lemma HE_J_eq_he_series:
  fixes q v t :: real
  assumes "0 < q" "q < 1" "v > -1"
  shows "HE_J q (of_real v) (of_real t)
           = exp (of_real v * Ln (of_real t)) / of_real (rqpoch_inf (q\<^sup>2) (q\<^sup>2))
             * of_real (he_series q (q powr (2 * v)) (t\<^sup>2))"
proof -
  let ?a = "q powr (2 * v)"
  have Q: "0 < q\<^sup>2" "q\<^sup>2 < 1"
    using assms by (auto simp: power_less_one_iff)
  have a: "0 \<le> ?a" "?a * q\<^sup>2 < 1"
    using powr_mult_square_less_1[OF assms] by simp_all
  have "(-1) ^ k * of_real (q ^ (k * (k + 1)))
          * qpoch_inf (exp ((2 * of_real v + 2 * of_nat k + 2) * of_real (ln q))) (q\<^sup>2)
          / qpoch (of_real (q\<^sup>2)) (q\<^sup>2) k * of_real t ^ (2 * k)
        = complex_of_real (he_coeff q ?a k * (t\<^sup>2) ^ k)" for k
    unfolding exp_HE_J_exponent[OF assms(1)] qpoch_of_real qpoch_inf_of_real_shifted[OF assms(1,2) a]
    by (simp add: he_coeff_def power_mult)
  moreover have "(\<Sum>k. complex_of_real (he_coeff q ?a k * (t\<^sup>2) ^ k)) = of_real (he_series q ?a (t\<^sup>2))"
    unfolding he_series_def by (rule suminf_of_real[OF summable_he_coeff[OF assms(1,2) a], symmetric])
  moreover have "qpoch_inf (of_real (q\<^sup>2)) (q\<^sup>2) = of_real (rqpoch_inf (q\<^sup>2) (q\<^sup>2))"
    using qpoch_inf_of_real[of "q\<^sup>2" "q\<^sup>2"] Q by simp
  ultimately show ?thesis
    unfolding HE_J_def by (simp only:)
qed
---
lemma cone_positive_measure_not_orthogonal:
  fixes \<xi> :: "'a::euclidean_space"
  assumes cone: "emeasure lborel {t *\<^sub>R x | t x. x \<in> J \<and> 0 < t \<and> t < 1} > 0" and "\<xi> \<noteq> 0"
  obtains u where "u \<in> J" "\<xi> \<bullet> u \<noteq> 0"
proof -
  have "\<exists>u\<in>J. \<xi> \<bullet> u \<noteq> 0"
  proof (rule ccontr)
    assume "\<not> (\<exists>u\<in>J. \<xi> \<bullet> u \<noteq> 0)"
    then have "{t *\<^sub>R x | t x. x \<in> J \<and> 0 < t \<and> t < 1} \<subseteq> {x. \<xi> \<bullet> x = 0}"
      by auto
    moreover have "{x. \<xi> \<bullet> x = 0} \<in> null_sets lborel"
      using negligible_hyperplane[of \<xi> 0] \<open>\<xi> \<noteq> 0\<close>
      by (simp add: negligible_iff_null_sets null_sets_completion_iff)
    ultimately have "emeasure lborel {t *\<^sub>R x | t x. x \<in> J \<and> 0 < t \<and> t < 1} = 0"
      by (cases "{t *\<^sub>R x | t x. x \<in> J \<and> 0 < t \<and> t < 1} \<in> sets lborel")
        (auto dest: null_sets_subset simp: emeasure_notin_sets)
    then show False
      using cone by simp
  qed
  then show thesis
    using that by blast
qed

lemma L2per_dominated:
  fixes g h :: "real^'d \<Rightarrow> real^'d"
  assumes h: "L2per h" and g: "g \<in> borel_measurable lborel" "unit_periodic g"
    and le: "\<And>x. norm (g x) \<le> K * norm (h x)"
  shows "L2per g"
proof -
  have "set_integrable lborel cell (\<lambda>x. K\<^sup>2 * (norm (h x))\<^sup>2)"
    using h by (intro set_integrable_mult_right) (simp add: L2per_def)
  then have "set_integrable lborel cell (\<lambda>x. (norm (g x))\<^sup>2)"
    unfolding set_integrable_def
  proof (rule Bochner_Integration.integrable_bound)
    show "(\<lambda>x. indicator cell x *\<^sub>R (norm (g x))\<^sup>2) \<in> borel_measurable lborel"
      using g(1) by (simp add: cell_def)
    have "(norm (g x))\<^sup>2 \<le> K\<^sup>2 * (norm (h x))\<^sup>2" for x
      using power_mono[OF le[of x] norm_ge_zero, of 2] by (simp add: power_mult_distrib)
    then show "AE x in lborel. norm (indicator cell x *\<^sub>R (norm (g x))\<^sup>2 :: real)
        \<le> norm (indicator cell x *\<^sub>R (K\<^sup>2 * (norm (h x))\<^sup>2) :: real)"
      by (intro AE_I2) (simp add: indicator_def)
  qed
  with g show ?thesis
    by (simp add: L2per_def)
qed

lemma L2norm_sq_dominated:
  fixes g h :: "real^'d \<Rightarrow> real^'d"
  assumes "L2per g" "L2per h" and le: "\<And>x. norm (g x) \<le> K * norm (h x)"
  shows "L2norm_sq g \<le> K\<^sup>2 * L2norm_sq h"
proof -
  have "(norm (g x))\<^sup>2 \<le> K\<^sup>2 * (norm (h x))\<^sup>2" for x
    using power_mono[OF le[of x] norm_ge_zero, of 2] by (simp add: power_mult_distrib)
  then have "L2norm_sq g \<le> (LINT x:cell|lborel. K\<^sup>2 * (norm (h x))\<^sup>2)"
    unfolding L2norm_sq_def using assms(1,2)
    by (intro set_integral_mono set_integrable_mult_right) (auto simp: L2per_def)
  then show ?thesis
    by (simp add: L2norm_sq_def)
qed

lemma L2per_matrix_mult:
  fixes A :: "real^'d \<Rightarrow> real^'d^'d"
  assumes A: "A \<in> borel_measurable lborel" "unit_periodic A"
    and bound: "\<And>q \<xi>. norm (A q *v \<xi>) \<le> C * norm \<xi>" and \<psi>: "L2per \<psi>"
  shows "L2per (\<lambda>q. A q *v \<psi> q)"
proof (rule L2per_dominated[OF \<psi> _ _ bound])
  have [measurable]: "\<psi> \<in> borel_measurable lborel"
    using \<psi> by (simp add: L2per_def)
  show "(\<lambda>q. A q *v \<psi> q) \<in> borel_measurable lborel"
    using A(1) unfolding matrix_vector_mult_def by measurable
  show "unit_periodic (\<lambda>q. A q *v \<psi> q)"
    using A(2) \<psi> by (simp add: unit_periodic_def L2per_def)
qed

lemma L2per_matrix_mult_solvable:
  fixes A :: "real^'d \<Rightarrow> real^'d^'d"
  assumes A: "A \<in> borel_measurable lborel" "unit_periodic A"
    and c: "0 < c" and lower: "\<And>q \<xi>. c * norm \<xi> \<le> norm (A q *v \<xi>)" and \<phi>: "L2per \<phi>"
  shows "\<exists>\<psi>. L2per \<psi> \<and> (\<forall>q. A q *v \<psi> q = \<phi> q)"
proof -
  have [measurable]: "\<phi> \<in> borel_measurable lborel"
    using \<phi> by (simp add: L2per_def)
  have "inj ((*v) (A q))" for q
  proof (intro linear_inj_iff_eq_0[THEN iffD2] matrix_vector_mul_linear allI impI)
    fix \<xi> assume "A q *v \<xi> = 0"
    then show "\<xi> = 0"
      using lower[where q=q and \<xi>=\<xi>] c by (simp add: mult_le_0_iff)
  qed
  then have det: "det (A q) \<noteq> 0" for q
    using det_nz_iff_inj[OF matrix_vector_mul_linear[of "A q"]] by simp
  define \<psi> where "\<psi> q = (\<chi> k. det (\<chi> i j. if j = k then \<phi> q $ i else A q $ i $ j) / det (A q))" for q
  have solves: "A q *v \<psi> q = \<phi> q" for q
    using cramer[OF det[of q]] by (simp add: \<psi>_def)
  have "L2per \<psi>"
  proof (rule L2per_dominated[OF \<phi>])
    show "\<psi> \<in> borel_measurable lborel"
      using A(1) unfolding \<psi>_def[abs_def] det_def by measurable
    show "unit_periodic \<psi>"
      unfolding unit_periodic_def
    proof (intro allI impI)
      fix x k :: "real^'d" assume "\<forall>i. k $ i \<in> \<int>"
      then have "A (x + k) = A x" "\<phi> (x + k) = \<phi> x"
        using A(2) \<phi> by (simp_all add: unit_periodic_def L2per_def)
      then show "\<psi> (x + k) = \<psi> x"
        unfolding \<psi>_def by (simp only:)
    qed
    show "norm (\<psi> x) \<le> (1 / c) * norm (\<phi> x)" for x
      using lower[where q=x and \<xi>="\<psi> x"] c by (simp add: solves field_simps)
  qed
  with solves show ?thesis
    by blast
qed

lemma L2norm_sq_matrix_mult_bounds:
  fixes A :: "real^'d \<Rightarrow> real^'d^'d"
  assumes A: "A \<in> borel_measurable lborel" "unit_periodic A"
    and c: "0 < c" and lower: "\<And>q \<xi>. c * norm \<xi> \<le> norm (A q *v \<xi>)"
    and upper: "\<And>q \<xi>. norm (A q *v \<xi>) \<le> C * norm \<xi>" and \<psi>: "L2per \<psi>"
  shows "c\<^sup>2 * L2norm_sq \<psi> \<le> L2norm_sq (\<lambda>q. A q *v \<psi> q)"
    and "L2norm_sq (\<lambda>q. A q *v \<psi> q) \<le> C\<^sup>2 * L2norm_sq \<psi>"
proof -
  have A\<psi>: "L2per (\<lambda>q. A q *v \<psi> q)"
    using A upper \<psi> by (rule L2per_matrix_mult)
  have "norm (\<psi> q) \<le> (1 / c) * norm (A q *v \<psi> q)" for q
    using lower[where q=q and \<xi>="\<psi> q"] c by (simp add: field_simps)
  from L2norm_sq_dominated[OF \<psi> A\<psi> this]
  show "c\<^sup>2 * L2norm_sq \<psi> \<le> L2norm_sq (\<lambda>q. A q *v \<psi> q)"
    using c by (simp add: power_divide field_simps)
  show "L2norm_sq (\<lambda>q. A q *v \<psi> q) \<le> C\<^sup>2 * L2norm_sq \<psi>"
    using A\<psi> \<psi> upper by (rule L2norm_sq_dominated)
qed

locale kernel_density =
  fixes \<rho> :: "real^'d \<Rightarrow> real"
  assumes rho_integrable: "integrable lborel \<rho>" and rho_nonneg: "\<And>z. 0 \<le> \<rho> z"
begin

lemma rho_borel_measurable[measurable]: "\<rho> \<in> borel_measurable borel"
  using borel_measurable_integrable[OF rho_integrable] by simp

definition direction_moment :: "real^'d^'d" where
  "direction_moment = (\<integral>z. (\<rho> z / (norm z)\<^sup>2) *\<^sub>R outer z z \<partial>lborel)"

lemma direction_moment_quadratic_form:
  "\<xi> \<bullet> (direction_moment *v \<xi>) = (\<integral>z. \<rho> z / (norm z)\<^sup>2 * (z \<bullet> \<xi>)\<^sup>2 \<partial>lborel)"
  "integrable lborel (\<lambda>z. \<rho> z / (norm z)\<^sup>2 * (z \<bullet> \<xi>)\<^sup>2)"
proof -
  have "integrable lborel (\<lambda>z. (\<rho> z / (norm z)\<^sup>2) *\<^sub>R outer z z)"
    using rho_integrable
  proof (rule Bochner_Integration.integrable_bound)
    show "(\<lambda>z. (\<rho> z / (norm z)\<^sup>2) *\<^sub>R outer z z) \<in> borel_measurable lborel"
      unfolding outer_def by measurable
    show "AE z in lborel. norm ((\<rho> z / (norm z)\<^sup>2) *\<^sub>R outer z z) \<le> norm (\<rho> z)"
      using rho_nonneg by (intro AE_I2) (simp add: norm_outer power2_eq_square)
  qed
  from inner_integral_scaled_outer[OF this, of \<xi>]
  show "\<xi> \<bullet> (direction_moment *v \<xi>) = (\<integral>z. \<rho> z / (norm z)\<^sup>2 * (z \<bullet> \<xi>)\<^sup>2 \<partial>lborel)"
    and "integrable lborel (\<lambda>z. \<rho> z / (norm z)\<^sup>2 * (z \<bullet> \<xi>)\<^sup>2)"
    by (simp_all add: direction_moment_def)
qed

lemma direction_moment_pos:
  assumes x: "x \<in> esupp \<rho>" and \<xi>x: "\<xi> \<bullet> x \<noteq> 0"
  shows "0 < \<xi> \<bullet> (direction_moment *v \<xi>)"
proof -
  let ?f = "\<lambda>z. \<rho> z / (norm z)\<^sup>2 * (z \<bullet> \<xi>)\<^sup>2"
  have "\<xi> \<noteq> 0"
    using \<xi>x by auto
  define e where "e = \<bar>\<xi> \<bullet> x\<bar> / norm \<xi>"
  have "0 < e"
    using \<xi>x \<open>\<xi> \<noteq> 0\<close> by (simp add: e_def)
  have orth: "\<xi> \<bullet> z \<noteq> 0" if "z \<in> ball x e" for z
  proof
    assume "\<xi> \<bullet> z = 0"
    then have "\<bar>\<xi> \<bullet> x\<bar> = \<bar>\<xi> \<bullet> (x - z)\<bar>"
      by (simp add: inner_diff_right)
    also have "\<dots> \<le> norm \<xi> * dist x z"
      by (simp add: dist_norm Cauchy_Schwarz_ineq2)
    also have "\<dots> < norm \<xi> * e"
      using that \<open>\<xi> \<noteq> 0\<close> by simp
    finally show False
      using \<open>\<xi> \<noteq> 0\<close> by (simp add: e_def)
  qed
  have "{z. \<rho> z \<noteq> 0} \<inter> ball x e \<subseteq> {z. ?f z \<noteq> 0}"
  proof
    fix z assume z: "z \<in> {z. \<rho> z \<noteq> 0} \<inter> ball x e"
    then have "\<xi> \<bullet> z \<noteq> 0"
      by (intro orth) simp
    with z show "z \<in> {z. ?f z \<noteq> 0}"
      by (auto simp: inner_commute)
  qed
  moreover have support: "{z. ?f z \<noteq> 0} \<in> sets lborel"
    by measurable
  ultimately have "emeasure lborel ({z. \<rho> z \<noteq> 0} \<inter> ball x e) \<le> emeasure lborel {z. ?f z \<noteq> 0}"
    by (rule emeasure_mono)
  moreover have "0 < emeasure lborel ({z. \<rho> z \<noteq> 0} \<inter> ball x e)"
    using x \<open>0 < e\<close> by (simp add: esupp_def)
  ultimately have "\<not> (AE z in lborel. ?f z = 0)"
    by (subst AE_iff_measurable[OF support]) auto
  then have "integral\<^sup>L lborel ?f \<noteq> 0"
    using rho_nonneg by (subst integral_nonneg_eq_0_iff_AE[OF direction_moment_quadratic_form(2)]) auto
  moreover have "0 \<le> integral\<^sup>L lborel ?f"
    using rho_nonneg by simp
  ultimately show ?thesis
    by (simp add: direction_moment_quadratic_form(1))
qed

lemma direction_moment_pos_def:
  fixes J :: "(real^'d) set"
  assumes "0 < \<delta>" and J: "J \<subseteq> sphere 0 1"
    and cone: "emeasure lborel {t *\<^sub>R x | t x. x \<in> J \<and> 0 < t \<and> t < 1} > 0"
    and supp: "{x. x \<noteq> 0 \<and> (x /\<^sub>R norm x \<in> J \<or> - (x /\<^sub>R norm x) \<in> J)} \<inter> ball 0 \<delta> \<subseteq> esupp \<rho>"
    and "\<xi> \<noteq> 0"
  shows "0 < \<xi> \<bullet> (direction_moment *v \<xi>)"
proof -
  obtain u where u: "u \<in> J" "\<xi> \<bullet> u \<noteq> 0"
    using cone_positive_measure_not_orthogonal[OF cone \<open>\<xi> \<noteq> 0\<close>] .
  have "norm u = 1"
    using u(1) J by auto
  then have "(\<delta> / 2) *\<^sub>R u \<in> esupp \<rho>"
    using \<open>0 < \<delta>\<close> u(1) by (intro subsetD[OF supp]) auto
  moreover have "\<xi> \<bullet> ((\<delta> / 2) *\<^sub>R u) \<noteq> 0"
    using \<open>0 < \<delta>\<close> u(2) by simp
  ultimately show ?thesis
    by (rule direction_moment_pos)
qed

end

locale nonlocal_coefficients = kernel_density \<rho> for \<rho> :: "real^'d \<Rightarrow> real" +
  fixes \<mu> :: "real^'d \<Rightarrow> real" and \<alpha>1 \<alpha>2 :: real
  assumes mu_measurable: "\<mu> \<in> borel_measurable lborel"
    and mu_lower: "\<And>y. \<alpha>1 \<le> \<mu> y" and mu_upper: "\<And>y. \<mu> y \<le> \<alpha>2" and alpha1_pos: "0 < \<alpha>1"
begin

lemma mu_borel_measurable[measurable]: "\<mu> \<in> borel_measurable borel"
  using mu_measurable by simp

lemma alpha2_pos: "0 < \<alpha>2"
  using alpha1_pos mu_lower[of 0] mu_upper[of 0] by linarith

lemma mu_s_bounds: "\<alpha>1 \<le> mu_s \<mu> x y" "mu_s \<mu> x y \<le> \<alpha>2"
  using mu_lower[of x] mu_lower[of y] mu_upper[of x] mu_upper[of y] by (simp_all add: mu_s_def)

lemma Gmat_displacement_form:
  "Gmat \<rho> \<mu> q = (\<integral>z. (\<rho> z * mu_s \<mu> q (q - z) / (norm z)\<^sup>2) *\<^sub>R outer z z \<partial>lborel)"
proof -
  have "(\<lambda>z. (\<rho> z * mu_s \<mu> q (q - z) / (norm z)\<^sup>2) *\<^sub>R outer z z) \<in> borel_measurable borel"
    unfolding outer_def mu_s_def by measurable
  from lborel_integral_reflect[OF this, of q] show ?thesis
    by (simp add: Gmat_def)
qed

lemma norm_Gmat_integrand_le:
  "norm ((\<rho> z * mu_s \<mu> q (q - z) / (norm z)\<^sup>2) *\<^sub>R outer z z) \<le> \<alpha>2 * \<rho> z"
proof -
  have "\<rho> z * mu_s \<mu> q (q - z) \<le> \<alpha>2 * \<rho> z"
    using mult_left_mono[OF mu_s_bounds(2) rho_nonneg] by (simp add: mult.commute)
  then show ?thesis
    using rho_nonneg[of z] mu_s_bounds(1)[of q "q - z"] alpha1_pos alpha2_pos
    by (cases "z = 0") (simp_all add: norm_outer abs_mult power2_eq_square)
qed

* What to work on *
Using the records given above, list every line that includes the word "where".

* Result for this exercise *
  obtains u where "u \<in> J" "\<xi> \<bullet> u \<noteq> 0"
      using lower[where q=q and \<xi>=\<xi>] c by (simp add: mult_le_0_iff)
  define \<psi> where "\<psi> q = (\<chi> k. det (\<chi> i j. if j = k then \<phi> q $ i else A q $ i $ j) / det (A q))" for q
      using lower[where q=x and \<xi>="\<psi> x"] c by (simp add: solves field_simps)
    using lower[where q=q and \<xi>="\<psi> q"] c by (simp add: field_simps)
definition direction_moment :: "real^'d^'d" where
  define e where "e = \<bar>\<xi> \<bullet> x\<bar> / norm \<xi>"
  obtain u where u: "u \<in> J" "\<xi> \<bullet> u \<noteq> 0"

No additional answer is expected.